Phase-Shift and Transmit Power Optimization for RIS-Aided Massive MIMO SWIPT IoT Networks
Mohammadali Mohammadi, Hien Quoc Ngo, Michail Matthaiou

TL;DR
This paper proposes a RIS-assisted massive MIMO framework for SWIPT IoT networks, optimizing transmit power and phase shifts to enhance energy harvesting and spectral efficiency amidst channel uncertainties.
Contribution
It introduces a two-timescale transmission scheme with joint optimization of BS power and RIS phase shifts, accounting for channel estimation errors and pilot contamination.
Findings
Average harvested energy improved by 132% with the proposed algorithm.
Pilot contamination can double the energy harvesting potential in some scenarios.

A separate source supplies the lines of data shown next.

lemma symp_dual_eta_mult_closed:
  fixes S :: "((nat \<Rightarrow> 'k::{field,finite}) \<times> (nat \<Rightarrow> 'k)) set"
  assumes eta: "root_of_irred_quadratic eta" and "Fp_subspace n S" and "code_linear n eta S"
  shows "\<forall>v\<in>to_Fp2 eta ` symp_dual n S. (\<lambda>i. eta * v i) \<in> to_Fp2 eta ` symp_dual n S"
proof -
  obtain c0 c1 where c: "c0 \<in> Fp" "c1 \<in> Fp" "eta ^ 2 + c1 * eta + c0 = 0"
    using eta unfolding root_of_irred_quadratic_def by blast
  have SP: "S \<subseteq> vecs n Fp \<times> vecs n Fp"
    using assms(2) unfolding Fp_subspace_def by blast
  have smult: "smult_closed (to_Fp2 eta ` S)"
    using assms(2,3) code_linear_iff_smult_closed by blast
  have S_companion: "companion_mult c0 c1 s \<in> S" if s: "s \<in> S" for s
  proof -
    have "(\<lambda>i. eta * to_Fp2 eta s i) \<in> to_Fp2 eta ` S"
      using smult s unfolding smult_closed_def by blast
    then obtain s' where s': "to_Fp2 eta (companion_mult c0 c1 s) = to_Fp2 eta s'" "s' \<in> S"
      unfolding to_Fp2_companion_mult[OF c(3)] by (rule imageE)
    have "companion_mult c0 c1 s \<in> vecs n Fp \<times> vecs n Fp"
      using s SP companion_mult_in_vecs[OF c(1,2)] by blast
    then have "companion_mult c0 c1 s = s'"
      by (rule inj_onD[OF inj_on_to_Fp2[OF eta] s'(1)]) (use s'(2) SP in blast)
    with s'(2) show ?thesis
      by simp
  qed
  have D_companion: "companion_mult c0 c1 y \<in> symp_dual n S" if y: "y \<in> symp_dual n S" for y
  proof -
    have "symp n s (companion_mult c0 c1 y) = 0" if "s \<in> S" for s
      using y S_companion[OF that] that unfolding mem_symp_dual_iff by (simp add: symp_companion_mult)
    then show ?thesis
      using y companion_mult_in_vecs[OF c(1,2)] unfolding mem_symp_dual_iff by blast
  qed
  show ?thesis
  proof
    fix v
    assume "v \<in> to_Fp2 eta ` symp_dual n S"
    then obtain y where "v = to_Fp2 eta y" "y \<in> symp_dual n S"
      by (rule imageE)
    then show "(\<lambda>i. eta * v i) \<in> to_Fp2 eta ` symp_dual n S"
      by (intro rev_image_eqI[OF D_companion]) (simp_all add: to_Fp2_companion_mult[OF c(3)])
  qed
qed

theorem mainTheorem6:
  fixes S :: "((nat \<Rightarrow> 'k::{field,finite}) \<times> (nat \<Rightarrow> 'k)) set"
    and p n :: nat and eta :: 'k
  assumes "prime p" and "odd p" and "CARD('k) = p ^ 2"
    and "n > 0" and "coprime n p"
    and "root_of_irred_quadratic eta"
    and "Fp_subspace n S" and "totally_isotropic n S" and "simul_negacyclic n S"
  shows "(code_linear n eta S \<longleftrightarrow> R_ideal n (image_R n eta S)) \<and>
         (code_linear n eta S \<longrightarrow> R_ideal n (image_R n eta (symp_dual n S)))"
proof -
  have "code_linear n eta S \<longleftrightarrow> R_ideal n (image_R n eta S)"
    using code_linear_iff_smult_closed[OF assms(7)] R_ideal_image_R_iff[OF assms(4,7,9)] by simp
  moreover have "R_ideal n (image_R n eta (symp_dual n S))" if "code_linear n eta S"
  proof -
    have "smult_closed (to_Fp2 eta ` symp_dual n S)"
      using smult_closed_if_eta_mult_closed[OF assms(1,3,6) Fp_subspace_symp_dual]
        symp_dual_eta_mult_closed[OF assms(6,7) that] by blast
    then show ?thesis
      using R_ideal_image_R_iff[OF assms(4) Fp_subspace_symp_dual
          simul_negacyclic_symp_dual[OF assms(4,7,9)]] by blast
  qed
  ultimately show ?thesis
    by blast
qed

end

Closed-form spectral efficiency expressions derived under practical channel conditions.
Abstract
We investigate reconfigurable intelligent surface (RIS)-assisted simultaneous wireless information and power transfer (SWIPT) Internet of Things (IoT) networks, where energy-limited IoT devices are overlaid with cellular information users (IUs). IoT devices are wirelessly powered by a RIS-assisted massive multiple-input multiple-output (MIMO) base station (BS), which is simultaneously serving a group of IUs. By leveraging a two-timescale transmission scheme, precoding at the BS is developed based on the instantaneous channel state information (CSI), while the passive beamforming at the RIS is adapted to the slowly-changing statistical CSI. We derive closed-form expressions for the achievable spectral efficiency of the IUs and average harvested energy at the IoT devices, taking the channel estimation errors and pilot contamination into account. Then, a non-convex max-min fairness…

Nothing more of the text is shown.